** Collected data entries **
···

lemma star_graph_aut_transpose:
  assumes "n \<ge> 3" "a \<in> {1..n}" "b \<in> {1..n}" "a = 1 \<longleftrightarrow> b = 1"
  shows "Transposition.transpose a b \<in> graph_aut n (star_graph n)"
  using assms by (auto simp: star_graph_aut_iff transpose_def)

lemma upairsI: "i \<in> {1..n} \<Longrightarrow> j \<in> {1..n} \<Longrightarrow> {i, j} \<in> upairs n"
  by (auto simp: upairs_def)

definition pair_type :: "nat set \<Rightarrow> bool \<times> nat" where
  "pair_type P = (1 \<in> P, card P)"

lemma pair_type_aut_image:
  assumes "n \<ge> 3" "\<sigma> \<in> graph_aut n (star_graph n)" "P \<subseteq> {1..n}"
  shows "pair_type (\<sigma> ` P) = pair_type P"
proof -
  have bij: "bij_betw \<sigma> {1..n} {1..n}" and fix1: "\<sigma> 1 = 1"
    using assms(1,2) by (auto simp: star_graph_aut_iff)
  then have "inj_on \<sigma> P"
    using assms(3) by (auto simp: bij_betw_def intro: inj_on_subset)
  moreover have "1 \<in> \<sigma> ` P \<longleftrightarrow> 1 \<in> P"
    using bij fix1 assms(1,3) by (force simp: bij_betw_def dest: inj_onD)
  ultimately show ?thesis
    by (simp add: pair_type_def card_image)
qed

lemma card_doubleton_eq_one_iff: "card {i, j} = 1 \<longleftrightarrow> i = j"
  by (cases "i = j") simp_all

lemma star_graph_aut_pair_exists:
  assumes n: "n \<ge> 3" and ij: "i \<in> {1..n}" "j \<in> {1..n}" and kl: "k \<in> {1..n}" "l \<in> {1..n}"
    and type: "pair_type {i, j} = pair_type {k, l}"
  shows "\<exists>\<sigma>\<in>graph_aut n (star_graph n). \<sigma> ` {i, j} = {k, l}"
proof -
  have centre: "1 \<in> {i, j} \<longleftrightarrow> 1 \<in> {k, l}" and same: "i = j \<longleftrightarrow> k = l"
    using type card_doubleton_eq_one_iff[of i j] card_doubleton_eq_one_iff[of k l]
    by (auto simp: pair_type_def)
  show ?thesis
  proof (cases "1 \<in> {i, j}")
    case True
    have "\<exists>a\<in>{1..n}. {x, y} = {1, a}" if "1 \<in> {x, y}" "x \<in> {1..n}" "y \<in> {1..n}" for x y
      using that by (cases "x = 1") (auto simp: insert_commute)
    then obtain a b where a: "a \<in> {1..n}" "{i, j} = {1, a}" and b: "b \<in> {1..n}" "{k, l} = {1, b}"
      using True centre ij kl by meson
    have "a = 1 \<longleftrightarrow> b = 1"
      using same a(2) b(2) by (metis doubleton_eq_iff insert_absorb2)
    then have "Transposition.transpose a b \<in> graph_aut n (star_graph n)"
      using n a b by (intro star_graph_aut_transpose) auto
    moreover have "Transposition.transpose a b ` {1, a} = {1, b}"
      using \<open>a = 1 \<longleftrightarrow> b = 1\<close> by (auto simp: transpose_def)
    ultimately show ?thesis
      using a b by metis
  next
    case False
    then have leaves: "i \<in> {2..n}" "j \<in> {2..n}" "k \<in> {2..n}" "l \<in> {2..n}"
      using centre ij kl by auto
    define \<tau>\<^sub>1 where "\<tau>\<^sub>1 = Transposition.transpose i k"
    define \<tau>\<^sub>2 where "\<tau>\<^sub>2 = Transposition.transpose (\<tau>\<^sub>1 j) l"
    have "\<tau>\<^sub>1 j \<in> {2..n}"
      using leaves by (auto simp: \<tau>\<^sub>1_def transpose_def)
    then have "\<tau>\<^sub>2 \<circ> \<tau>\<^sub>1 \<in> graph_aut n (star_graph n)"
      unfolding \<tau>\<^sub>1_def \<tau>\<^sub>2_def using n leaves
      by (intro graph_aut_comp star_graph_aut_transpose) auto
    moreover have "\<tau>\<^sub>2 k = k"
      using same by (auto simp: \<tau>\<^sub>1_def \<tau>\<^sub>2_def transpose_def)
    then have "(\<tau>\<^sub>2 \<circ> \<tau>\<^sub>1) ` {i, j} = {k, l}"
      by (simp add: \<tau>\<^sub>1_def \<tau>\<^sub>2_def)
    ultimately show ?thesis
      by blast
  qed
qed
(* Let $X$ be a Banach space and $M,N:\Sigma\to cb(X)$ be $d_H$-multimeasures. Suppose there exists a bounded measurable $\theta:\Omega\to\mathbb R$ such that $\langle y',j\circ M(E)\rangle=\int_E\theta\,d\langle y',j\circ N\rangle$ for all $E\in\Sigma$ and all $y'\in\ell_\infty(B_{X'})'$. Then there exists $d>0$ such that for every $E\in\Sigma$ $$M(E)\subseteq d\,\overline{\mathrm{aco}}\big[\mathcal R(N_E)\cup\mathcal R(-N_E)\big].$$
   Context: $(\Omega,\Sigma)$ is a measurable space, $X$ a Banach space with dual unit ball $B_{X'}$. $cb(X)$: nonempty closed bounded convex subsets of $X$ with Hausdorff metric $d_H$; $s(x',C)=\sup\{\langle x',x\rangle:x\in C\}$. A $d_H$-multimeasure is $M:\Sigma\to cb(X)$ countably additive in $d_H$. $-N$: $E\mapsto\{-x:x\in N(E)\}$. Rådström embedding: $j(A)=s(\cdot,A)|_{B_{X'}}\in\ell_\infty(B_{X'})$. $\Sigma_E=\{F\in\Sigma:F\subseteq E\}$; $\mathcal R(N_E)=\{z\in X:\exists F\in\Sigma_E,\ z\in N(F)\}$, and similarly $\mathcal R(-N_E)$. $\overline{\mathrm{aco}}$ denotes the closed absolutely convex hull in $X$. *)

theory Defs
  imports "HOL-Analysis.Analysis"
begin

definition hausdorff_dist :: "'a::metric_space set \<Rightarrow> 'a set \<Rightarrow> real" where
  "hausdorff_dist A B = max (SUP a\<in>A. infdist a B) (SUP b\<in>B. infdist b A)"

definition cb :: "'x::real_normed_vector set set" where
  "cb = {C. C \<noteq> {} \<and> closed C \<and> bounded C \<and> convex C}"

definition msum :: "('a set \<Rightarrow> 'x::real_normed_vector set) \<Rightarrow> (nat \<Rightarrow> 'a set) \<Rightarrow> nat \<Rightarrow> 'x set" where
  "msum M F n = {(\<Sum>i<n. x i) | x. \<forall>i<n. x i \<in> M (F i)}"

···

** WHAT YOU SHOULD DO **
Go line by line through the data above and report each one that holds the string "cases".

** OUTPUT FOR THIS TASK **
  by (cases "i = j") simp_all
  proof (cases "1 \<in> {i, j}")
      using that by (cases "x = 1") (auto simp: insert_commute)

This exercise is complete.